Behavior of each of the first three farms integer: N, M and W. The second row to the M + 1 lines, each behavior three integers: S, T and E, represents a two-way path from S to E, the desired event through this path T seconds, at most between the two one way. Of M + 2 ~ M + W + 1 of rows of three integers: S, T and E, represents a unidirectional path from S to E, and back through the road such that the time T seconds.
Behavior of each of the first three farms integer: N, M and W. The second row to the M + 1 lines, each behavior three integers: S, T and E, represents a two-way path from S to E, the desired event through this path T seconds, at most between the two one way.
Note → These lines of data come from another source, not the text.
lemma outer_nth [simp]: "outer v $ i $ j = v$i * cnj (v$j)"
  by (simp add: outer_def)

lemma cscaleM_nth [simp]: "cscaleM c A $ i $ j = c * A$i$j"
  by (simp add: cscaleM_def)

lemma cscaleV_nth [simp]: "cscaleV c v $ i = c * v$i"
  by (simp add: cscaleV_def)

lemma cscaleM_cscaleM: "cscaleM a (cscaleM b A) = cscaleM (a * b) A"
  by (simp add: vec_eq_iff mult.assoc)

lemma cscaleM_1: "cscaleM 1 A = A"
  by (simp add: vec_eq_iff)

lemma cscaleM_mult_left: "cscaleM c A ** B = cscaleM c (A ** B)"
  by (simp add: vec_eq_iff matrix_matrix_mult_def sum_distrib_left mult.assoc)

lemma cscaleM_mult_vec: "cscaleM c A *v x = cscaleV c (A *v x)"
  by (simp add: vec_eq_iff matrix_vector_mult_def sum_distrib_left algebra_simps)

lemma outer_mult_vec: "outer v *v x = cscaleV (braket v x) v"
  by (simp add: vec_eq_iff matrix_vector_mult_def braket_def sum_distrib_left algebra_simps)

lemma sums_cscaleM:
  assumes "f sums s"
  shows "(\<lambda>k. cscaleM (f k) A) sums cscaleM s A"
proof -
  have "(\<lambda>n. cscaleM (\<Sum>k<n. f k) A) \<longlonglongrightarrow> cscaleM s A"
    using assms unfolding sums_def cscaleM_def by (intro tendsto_intros)
  moreover have "(\<Sum>k<n. cscaleM (f k) A) = cscaleM (\<Sum>k<n. f k) A" for n
    by (simp add: vec_eq_iff sum_component sum_distrib_right)
  ultimately show ?thesis
    by (simp add: sums_def)
qed

lemma cnj_braket: "cnj (braket u v) = braket v u"
  by (simp add: braket_def mult.commute)

lemma braket_diff_right: "braket s (u - v) = braket s u - braket s v"
  by (simp add: braket_def sum_subtractf algebra_simps)

lemma braket_cscaleV_right: "braket s (cscaleV c v) = c * braket s v"
  by (simp add: braket_def sum_distrib_left algebra_simps)

lemma braket_adjoint: "braket u (A *v v) = braket (adjoint A *v u) v"
  unfolding braket_def matrix_vector_mult_def adjoint_def
  by (simp add: sum_distrib_left sum_distrib_right algebra_simps) (rule sum.swap)

lemma adjoint_diff: "adjoint (A - B) = adjoint A - adjoint B"
  by (simp add: vec_eq_iff adjoint_def)

lemma adjoint_mult: "adjoint (A ** B) = adjoint B ** adjoint A"
  by (simp add: vec_eq_iff adjoint_def matrix_matrix_mult_def mult.commute)

lemma adjoint_adjoint: "adjoint (adjoint A) = A"
  by (simp add: vec_eq_iff adjoint_def)

lemma adjoint_Jz: "adjoint Jz = Jz"
  by (simp add: vec_eq_iff adjoint_def Jz_def)

lemma cnj_mult_self: "cnj x * x = complex_of_real ((cmod x)\<^sup>2)"
  by (subst complex_norm_square) (rule mult.commute)
(* $$1\le\liminf_{j\to+\infty}\frac{\log p^{(j)}_j}{j\log j}\le\limsup_{j\to+\infty}\frac{\log p^{(j)}_j}{j\log j}\le2.$$
   Context: Let $p_n$ denote the $n$-th prime number. Define $p^{(0)}_n=n$ and recursively $p^{(k+1)}_n=p_{p^{(k)}_n}$ for $k\in\mathbb N_0$. $\log$ is the natural logarithm. *)

theory Defs
  imports "HOL-Analysis.Analysis" "HOL-Computational_Algebra.Primes" "HOL-Library.Infinite_Set"
begin

text \<open>The n-th prime number, 1-indexed: nth_prime 1 = 2, nth_prime 2 = 3, ...
  (nth_prime 0 is a junk value, 0; it never occurs in the statement.)\<close>
definition nth_prime :: "nat \<Rightarrow> nat" where
  "nth_prime n = (if n = 0 then 0 else enumerate {p::nat. prime p} (n - 1))"

definition iter_prime :: "nat \<Rightarrow> nat \<Rightarrow> nat" where
  "iter_prime k n = (nth_prime ^^ k) n"

end

theory Submission
  imports Defs "HOL-Real_Asymp.Real_Asymp"
begin

(* Put L k = ln p^(k)_j. Chebyshev-type bounds n ln n / (8 ln 2) <= p_n <= 26 n ln n, obtained
   from Erdos' estimate prod_{p <= x} p <= 4^x and from the central binomial coefficient,
   turn into L (k+1) = L k + ln (L k) + O(1). Along j such steps from L 0 = ln j, the
   sequence grows at least like k ln k - O(k), and as long as L k <= j^2 each step adds at
   most 2 ln j + O(1); hence j ln j - O(j) <= L j <= 2 j ln j + O(j). *)

section \<open>Chebyshev bounds for the \<open>n\<close>-th prime\<close>

definition primes_pi :: "nat \<Rightarrow> nat" where
  "primes_pi x = card {p. prime p \<and> p \<le> x}"

definition primorial :: "nat \<Rightarrow> nat" where
  "primorial x = \<Prod>{p. prime p \<and> p \<le> x}"

lemma nth_prime_prime: "1 \<le> n \<Longrightarrow> prime (nth_prime n)"
  using enumerate_in_set[OF primes_infinite] by (simp add: nth_prime_def)

lemma nth_prime_strict_mono_on: "strict_mono_on {1..} nth_prime"
  by (rule strict_mono_onI) (use primes_infinite in \<open>auto simp: nth_prime_def\<close>)

lemma nth_prime_gt:
  assumes "1 \<le> n"
  shows "n < nth_prime n"
proof -
  have bound: "i + 2 \<le> enumerate {p::nat. prime p} i" for i
  proof (induction i)
    case 0
    show ?case using prime_ge_2_nat[OF enumerate_in_set[OF primes_infinite, of 0, simplified]] by simp
  next
    case (Suc i)
    then show ?case using enumerate_step[OF primes_infinite, of i] by simp
  qed
  then show ?thesis using bound[of "n - 1"] assms by (simp add: nth_prime_def)
qed

lemma nth_prime_surj: "prime q \<Longrightarrow> \<exists>n\<ge>1. nth_prime n = q"
proof -
  assume "prime q"
  then obtain i where "enumerate {p::nat. prime p} i = q"
    using enumerate_Ex[OF primes_infinite] by blast
  then show ?thesis by (intro exI[of _ "Suc i"]) (simp add: nth_prime_def)
qed

lemma primes_pi_less_nth_prime:
  assumes "1 \<le> n" "x < nth_prime n"
  shows "primes_pi x < n"
proof -
  have "{p. prime p \<and> p \<le> x} \<subseteq> nth_prime ` {1..<n}"
  proof
    fix q assume q: "q \<in> {p. prime p \<and> p \<le> x}"
    then obtain i where i: "1 \<le> i" "nth_prime i = q" using nth_prime_surj by blast
    then have "i < n"
      using strict_mono_on_less[OF nth_prime_strict_mono_on, of i n] q assms by auto
    with i show "q \<in> nth_prime ` {1..<n}" by auto
  qed
  then have "primes_pi x \<le> card (nth_prime ` {1..<n})"
    unfolding primes_pi_def by (rule card_mono[rotated]) simp
  also have "\<dots> \<le> n - 1" using card_image_le[of "{1..<n}" nth_prime] by simp
  finally show ?thesis using assms(1) by simp
qed

lemma prod_primes_dvd:
  fixes A :: "nat set"
  assumes "finite A" "\<And>p. p \<in> A \<Longrightarrow> prime p" "\<And>p. p \<in> A \<Longrightarrow> p dvd c"
  shows "\<Prod>A dvd c"
  using assms
proof (induction A rule: finite_induct)
  case (insert p A)
  have "coprime p (\<Prod>A)"
    using insert by (intro prod_coprime_right primes_coprime) auto
  with insert show ?case by (simp add: divides_mult)
qed simp

lemma prime_dvd_binomial:
  fixes p :: nat
  assumes p: "prime p" and "k < p" "n - k < p" "p \<le> n"
  shows "p dvd n choose k"
proof -
  have "p dvd fact k * fact (n - k) * (n choose k)"
    using binomial_fact_lemma[of k n] prime_dvd_fact_iff[OF p, of n] assms by simp
  moreover have "\<not> p dvd fact k * fact (n - k)"
    using assms by (simp add: prime_dvd_mult_iff prime_dvd_fact_iff)
  ultimately show ?thesis using p by (simp add: prime_dvd_mult_iff)
qed

lemma binomial_odd_middle_le: "(2*k+1) choose k \<le> 4^k"
proof -
  have "2 * ((2*k+1) choose k) = ((2*k+1) choose k) + ((2*k+1) choose (k+1))"
    using binomial_symmetric[of k "2*k+1"] by simp
  also have "\<dots> = (\<Sum>i\<in>{k, k+1}. (2*k+1) choose i)" by simp
  also have "\<dots> \<le> (\<Sum>i\<le>2*k+1. (2*k+1) choose i)" by (intro sum_mono2) auto
  also have "\<dots> = 2 ^ (2*k+1)" by (rule choose_row_sum)
  also have "\<dots> = 2 * 4^k" by (simp add: power_mult)
  finally show ?thesis by simp
qed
Of M + 2 ~ M + W + 1 of rows of three integers: S, T and E, represents a unidirectional path from S to E, and back through the road such that the time T seconds.
Output
For each test data, if John can achieve their goals, output "YES"; otherwise, the output "NO".
Sample Input
2 3 3 1 1 2 2 1 3 4 2 3 1 3 1 3 3 2 1 1 2 3 2 3 4 3 1 8
Sample Output
NO YES
Explanation:
The subject is easy to see that a judge has no negative ring topic, I use the SPFA algorithm , Baidu, and then learn about the algorithm, this problem is equivalent to the template title. Then the test data, the last set of test cases does not wrap. Zhendi is gay.
![](https://images.cnblogs.com/OutliningIndicators/ContractedBlock.gif)
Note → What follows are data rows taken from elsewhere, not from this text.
lemma Exp_mon_ideal:
  assumes "G \<subseteq> semigp n h"
  shows "Exp n h (mon_ideal n h G) = mon_upset n h G"
proof -
  have "b \<in> semigp n h" if b: "b \<in> mon_upset n h G" for b
  proof -
    obtain g s where "b = g + s" "g \<in> semigp n h" "s \<in> semigp n h"
      using b assms by (auto simp: mon_upset_def)
    then show ?thesis by (simp add: semigp_add)
  qed
  moreover have "xmon b \<in> mon_ideal n h G \<longleftrightarrow> b \<in> mon_upset n h G" for b
    by (simp add: mon_ideal_eq xmon_def)
  ultimately show ?thesis unfolding Exp_def by blast
qed

lemma lookup_delta:
  "Poly_Mapping.lookup (delta dd f p) x = Poly_Mapping.lookup p (x - dd) * evalp f (cv (x - dd))"
proof -
  have "Poly_Mapping.lookup (delta dd f p) x
      = (\<Sum>a\<in>Poly_Mapping.keys p. if a = x - dd then Poly_Mapping.lookup p a * evalp f (cv a) else 0)"
    unfolding delta_def lookup_sum by (rule sum.cong) (auto simp: lookup_single when_def)
  then show ?thesis by (simp add: in_keys_iff)
qed

lemma delta_image_keys_eq:
  assumes into: "\<And>a. a \<in> E \<Longrightarrow> evalp f (cv a) \<noteq> 0 \<Longrightarrow> a + dd \<in> E"
    and down: "\<And>x. x + dd \<in> E \<Longrightarrow> x \<in> E"
    and nonzero: "\<And>b. b \<in> E \<Longrightarrow> evalp f (cv (b - dd)) \<noteq> 0"
  shows "delta dd f ` {p. Poly_Mapping.keys p \<subseteq> E} = {p. Poly_Mapping.keys p \<subseteq> E}"
proof (intro equalityI subsetI)
  fix p' assume "p' \<in> delta dd f ` {p. Poly_Mapping.keys p \<subseteq> E}"
  then obtain p where p: "Poly_Mapping.keys p \<subseteq> E" and p': "p' = delta dd f p" by blast
  have "x \<in> E" if "x \<in> Poly_Mapping.keys p'" for x
  proof -
    from that have "x - dd \<in> Poly_Mapping.keys p" and nz: "evalp f (cv (x - dd)) \<noteq> 0"
      by (simp_all add: p' in_keys_iff lookup_delta)
    with p have "x - dd \<in> E" by blast
    from into[OF this nz] show ?thesis by simp
  qed
  then show "p' \<in> {p. Poly_Mapping.keys p \<subseteq> E}" by blast
next
  fix p :: "_ \<Rightarrow>\<^sub>0 complex"
  assume "p \<in> {p. Poly_Mapping.keys p \<subseteq> E}"
  then have pk: "Poly_Mapping.keys p \<subseteq> E" by simp
  define g where "g x = Poly_Mapping.lookup p (x + dd) / evalp f (cv x)" for x
  have g_nz: "x + dd \<in> Poly_Mapping.keys p" if "g x \<noteq> 0" for x
    using that by (auto simp: g_def in_keys_iff)
  have "{x. g x \<noteq> 0} \<subseteq> (\<lambda>b. b - dd) ` Poly_Mapping.keys p"
  proof
    fix x assume "x \<in> {x. g x \<noteq> 0}"
    then have "x + dd \<in> Poly_Mapping.keys p" using g_nz by blast
    then show "x \<in> (\<lambda>b. b - dd) ` Poly_Mapping.keys p" by (rule rev_image_eqI) simp
  qed
  then have "finite {x. g x \<noteq> 0}" by (rule finite_subset) simp
  then have lookup_p': "Poly_Mapping.lookup (Abs_poly_mapping g) = g" by simp
  have "Poly_Mapping.keys (Abs_poly_mapping g) \<subseteq> E"
  proof
    fix x assume "x \<in> Poly_Mapping.keys (Abs_poly_mapping g)"
    then have "x + dd \<in> Poly_Mapping.keys p" by (intro g_nz) (simp add: in_keys_iff lookup_p')
    with pk have "x + dd \<in> E" by blast
    then show "x \<in> E" by (rule down)
  qed
  moreover have "delta dd f (Abs_poly_mapping g) = p"
  proof (rule poly_mapping_eqI)
    fix x
    show "Poly_Mapping.lookup (delta dd f (Abs_poly_mapping g)) x = Poly_Mapping.lookup p x"
    proof (cases "x \<in> E")
      case True
      then show ?thesis using nonzero[OF True] by (simp add: lookup_delta lookup_p' g_def)
    next
      case False
      then have "Poly_Mapping.lookup p x = 0" using pk by (auto simp: in_keys_iff)
      then show ?thesis by (simp add: lookup_delta lookup_p' g_def)
    qed
  qed
  ultimately show "p \<in> delta dd f ` {p. Poly_Mapping.keys p \<subseteq> E}" by blast
qed

locale homogeneous_operator =
  fixes n :: nat and h :: "nat \<Rightarrow> int^'d::finite"
    and dd e :: "int^'d" and q :: int
    and f :: "('d \<Rightarrow> nat) \<Rightarrow>\<^sub>0 complex"
  assumes cone: "cone_data n h"
    and d_nz: "dd \<noteq> 0"
    and md_S: "-dd \<in> semigp n h"
    and q_pos: "q \<ge> 1" and e_prim: "primitive_vec e" and d_eq: "dd = (\<chi> j. q * e$j)"
    and f_div: "divisible_by_Hd n h dd f"
begin

lemma dd_eq_smult: "dd = q *s e"
  using d_eq by (simp add: vector_scalar_mult_def)

lemma e_nz: "e \<noteq> 0"
  using d_nz dd_eq_smult by auto

definition slope :: "nat \<Rightarrow> int" where
  "slope i = lf (h i) (-e)"

lemma lf_neg_dd: "lf (h i) (-dd) = q * slope i"
  by (simp add: dd_eq_smult slope_def lf_minus lf_scalar_mult)

lemma slope_nonneg: "i < n \<Longrightarrow> 0 \<le> slope i"
  using md_S q_pos by (auto simp: semigp_def lf_neg_dd zero_le_mult_iff)

lemma lf_on_line: "lf (h i) (a + m *s e) = lf (h i) a - m * slope i"
  by (simp add: lf_add lf_scalar_mult slope_def lf_minus)

lemma smult_neg_e_in_semigp:
  assumes "0 \<le> m"
  shows "m *s (-e) \<in> semigp n h"
proof -
  have "lf (h i) (m *s (-e)) = m * slope i" for i unfolding slope_def by (rule lf_scalar_mult)
  then show ?thesis using assms slope_nonneg by (simp add: semigp_def)
qed

text \<open>Strong convexity of the cone: \<open>e\<close> and \<open>-e\<close> cannot both lie in it.\<close>

lemma ex_slope_pos: "\<exists>i<n. 0 < slope i"
proof (rule ccontr)
  assume "\<not> ?thesis"
  then have "\<forall>i<n. slope i = 0" using slope_nonneg by force
  moreover have "- rv e = rv (-e)" by (simp add: rv_def vec_eq_iff)
  ultimately have "rv e \<in> dual_cone n h" "- rv e \<in> dual_cone n h"
    by (auto simp: dual_cone_def lfR_rv slope_def lf_minus)
  then have "rv e = 0" using cone unfolding cone_data_def by blast
  then show False using e_nz by (simp add: rv_def vec_eq_iff)
qed

lemma Vmon_if_Hd_root:
  assumes "i < n" "0 \<le> lf (h i) x" "lf (h i) x < lf (h i) (-dd)"
  shows "x \<in> Vmon f"
proof -
  have "ffact (lfC (h i) (cv x)) (lf (h i) (-dd) - 1) = 0"
    unfolding ffact_def lfC_cv
    by (rule prod_zero) (use assms in \<open>auto intro!: bexI[of _ "lf (h i) x"]\<close>)
  then have "Hd n h dd (cv x) = 0" unfolding Hd_def
    by (intro prod_zero) (use assms in auto)
  then show ?thesis using f_div unfolding divisible_by_Hd_def Vmon_def by auto
qed

definition line_zeros :: "int^'d \<Rightarrow> int set" where
  "line_zeros a = {m. a + m *s e \<in> Vmon f}"

lemma consecutive_line_zeros:
  assumes i: "i < n" "0 < slope i"
    and m: "lf (h i) a div slope i - q < m" "m \<le> lf (h i) a div slope i"
  shows "m \<in> line_zeros a"
proof -
  define k where "k = lf (h i) a div slope i"
  define r where "r = lf (h i) a mod slope i"
  have a: "lf (h i) a = k * slope i + r" by (simp add: k_def r_def)
  have r: "0 \<le> r" "r < slope i" using i by (simp_all add: r_def)
  have "m * slope i \<le> k * slope i" "(k - q + 1) * slope i \<le> m * slope i"
    using m i by (simp_all add: k_def mult_right_mono)
  then have "0 \<le> lf (h i) (a + m *s e)" "lf (h i) (a + m *s e) < lf (h i) (-dd)"
    unfolding lf_on_line lf_neg_dd a using r by (simp_all only: algebra_simps)
  then show ?thesis unfolding line_zeros_def using Vmon_if_Hd_root i by blast
qed

lemma line_zeros_nonempty: "line_zeros a \<noteq> {}"
proof -
  obtain i where "i < n" "0 < slope i" using ex_slope_pos by blast
  then have "lf (h i) a div slope i \<in> line_zeros a" using q_pos by (intro consecutive_line_zeros) auto
  then show ?thesis by blast
qed

lemma online_iff_line_zeros: "online dd f a t \<longleftrightarrow> (\<exists>m\<in>line_zeros a. t = of_int m / of_int q)"
proof
  assume "online dd f a t"
  then obtain b where b: "b \<in> Vmon f" "rv b = rv a + t *\<^sub>R rv dd" unfolding online_def by blast
  then have comp: "real_of_int (b$j) = real_of_int (a$j) + (t * of_int q) * of_int (e$j)" for j
    by (auto simp: vec_eq_iff rv_def dd_eq_smult)
  have "\<forall>j. \<exists>z::int. (t * of_int q) * real_of_int (e$j) = real_of_int z"
  proof
    fix j show "\<exists>z::int. (t * of_int q) * real_of_int (e$j) = real_of_int z"
      using comp[of j] by (intro exI[of _ "b$j - a$j"]) simp
  qed
  then obtain m where m: "t * of_int q = of_int m"
    using primitive_vec_integral_multiple[OF e_prim e_nz] by blast
  have "b = a + m *s e"
    using comp m by (simp add: vec_eq_iff) (metis of_int_add of_int_eq_iff of_int_mult)
  then have "m \<in> line_zeros a" using b by (simp add: line_zeros_def)
  moreover have "t = of_int m / of_int q" using m q_pos by (simp add: field_simps)
  ultimately show "\<exists>m\<in>line_zeros a. t = of_int m / of_int q" by blast
next
  assume "\<exists>m\<in>line_zeros a. t = of_int m / of_int q"
  then obtain m where m: "m \<in> line_zeros a" "t = of_int m / of_int q" by blast
  have "rv (a + m *s e) = rv a + t *\<^sub>R rv dd"
    using q_pos by (simp add: m(2) vec_eq_iff rv_def dd_eq_smult)
  then show "online dd f a t" using m unfolding online_def line_zeros_def by blast
qed

lemma val_eq_Inf: "val dd f a = Inf ((\<lambda>m. ereal (of_int m / of_int q)) ` line_zeros a)"
  unfolding val_def online_iff_line_zeros by (rule arg_cong[where f=Inf]) auto

text \<open>\<open>val a = val_int a / q\<close> and \<open>pval a = pval_int a / q\<close> (when \<open>val a > -\<infinity>\<close>).\<close>

definition val_int :: "int^'d \<Rightarrow> int" where
  "val_int a = Inf (line_zeros a)"

definition pval_int :: "int^'d \<Rightarrow> int" where
  "pval_int a = Max (line_zeros a \<inter> {val_int a..<val_int a + q})"

lemma bdd_below_line_zeros:
  assumes "val dd f a > -\<infinity>"
  shows "bdd_below (line_zeros a)"
proof -
  obtain m1 where m1: "m1 \<in> line_zeros a" using line_zeros_nonempty by blast
  have low: "val dd f a \<le> ereal (of_int m / of_int q)" if "m \<in> line_zeros a" for m
    unfolding val_eq_Inf using that by (auto intro: Inf_lower)
  then obtain v where v: "val dd f a = ereal v"
    using assms m1 by (cases "val dd f a") force+
  have "\<lfloor>v * of_int q\<rfloor> \<le> m" if "m \<in> line_zeros a" for m
  proof -
    have "v \<le> of_int m / of_int q" using low[OF that] v by simp
    then have "v * of_int q \<le> of_int m" using q_pos by (simp add: field_simps)
    then show ?thesis by linarith
  qed
  then show ?thesis by (auto simp: bdd_below_def)
qed

context
  fixes a assumes bdd: "bdd_below (line_zeros a)"
begin

lemma val_int_mem: "val_int a \<in> line_zeros a"
  unfolding val_int_def using int_Inf_mem[OF line_zeros_nonempty bdd] .

lemma val_int_le: "m \<in> line_zeros a \<Longrightarrow> val_int a \<le> m"
  unfolding val_int_def using bdd by (rule cInf_lower[rotated])

lemma val_eq_val_int: "val dd f a = ereal (of_int (val_int a) / of_int q)"
proof -
  have "of_int (val_int a) / of_int q \<le> (of_int m / of_int q :: real)" if "m \<in> line_zeros a" for m
    using val_int_le[OF that] q_pos by (intro divide_right_mono) auto
  then show ?thesis unfolding val_eq_Inf
    by (intro antisym Inf_lower Inf_greatest) (auto intro: val_int_mem)
qed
1 #include<bits/stdc++.h> 2 3 using namespace std; 4 const int N = 5210; 5 const int INF = 0xFFFFFFF; 6 7 struct edge{ 8 int v, w, next; 9 }edges[N]; 10 11 int dist[N], num[N], frist[N]; 12 bool vis[N]; 13 int n, m, w; 14 int e_sums; 15 16 int Scan() { //输入挂 17 int res = 0, ch, flag = 0; 18 if ((ch = getchar()) == '-') 19 flag = 1; 20 else if (ch >= '0' && ch <= '9') 21 res = ch - '0'; 22 while ((ch = getchar()) >= '0' && ch <= '9') 23 res = res * 10 + ch - '0'; 24 return flag ? -res : res; 25 } 26 27 void Out (int a) { //输出挂 28 if (a > 9) 29 Out(a / 10); 30 putchar(a % 10 + '0'); 31 } 32 33 void addEdge (int u, int v, int w) { 34 edges[e_sums].v = v; 35 edges[e_sums].w = w; 36 edges[e_sums].next = frist[u]; 37 frist[u] = e_sums++; 38 } 39 40 bool spfa() { 41 queue<int> que; 42 dist[1] = 0; 43 vis[1] = true; 44 que.push(1); 45 num[1]++; 46 while (que.size()) { 47 int u = que.front(); 48 que.pop(); 49 vis[u] = false; 50 for (int i = frist[u]; i != -1; i = edges[i].next) { 51 int v = edges[i].v; 52 if (dist[v] > dist[u] + edges[i].w) { 53 dist[v] = dist[u] + edges[i].w; 54 if ( !vis[v] ) { 55 vis[v] = true; 56 que.push(v); 57 num[v]++; 58 if (num[v] > n) { 59 return true; 60 } 61 } 62 } 63 } 64 } 65 return false; 66 } 67 68 69 int main() { 70 int t; 71 //scanf("%d", &t); 72 t = Scan(); 73 int gz = 1; 74 while (t--) { 75 if (!gz)putchar('\n'); 76 gz = 0; 77 e_sums = 0; 78 memset(frist, -1, sizeof(frist)); 79 memset(vis, false, sizeof(vis)); 80 memset(num, 0, sizeof(num)); 81 82 //scanf("%d %d %d", &n, &m, &w); 83 n = Scan(), m = Scan(), w = Scan(); 84 for (int i = 1; i <= n; i++) { 85 dist[i] = INF; 86 } 87 88 89 int x, y, z; 90 for (int i = 0; i < m; i++) { 91 //scanf("%d %d %d", &x, &y, &z); 92 x = Scan(), y = Scan(), z = Scan(); 93 addEdge(x, y, z); 94 addEdge(y, x, z); 95 } 96 97 for (int i = 0; i < w; i++) { 98 //scanf("%d %d %d", &x, &y, &z); 99 x = Scan(), y = Scan(), z = Scan(); 100 addEdge(x, y, -z); 101 } 102 103 if ( spfa() ) { 104 printf("YES"); 105 } else { 106 printf("NO"); 107 } 108 } 109 return 0; 110 }
I feel the students, forced to try out this format the wrong solution, this is really big brother.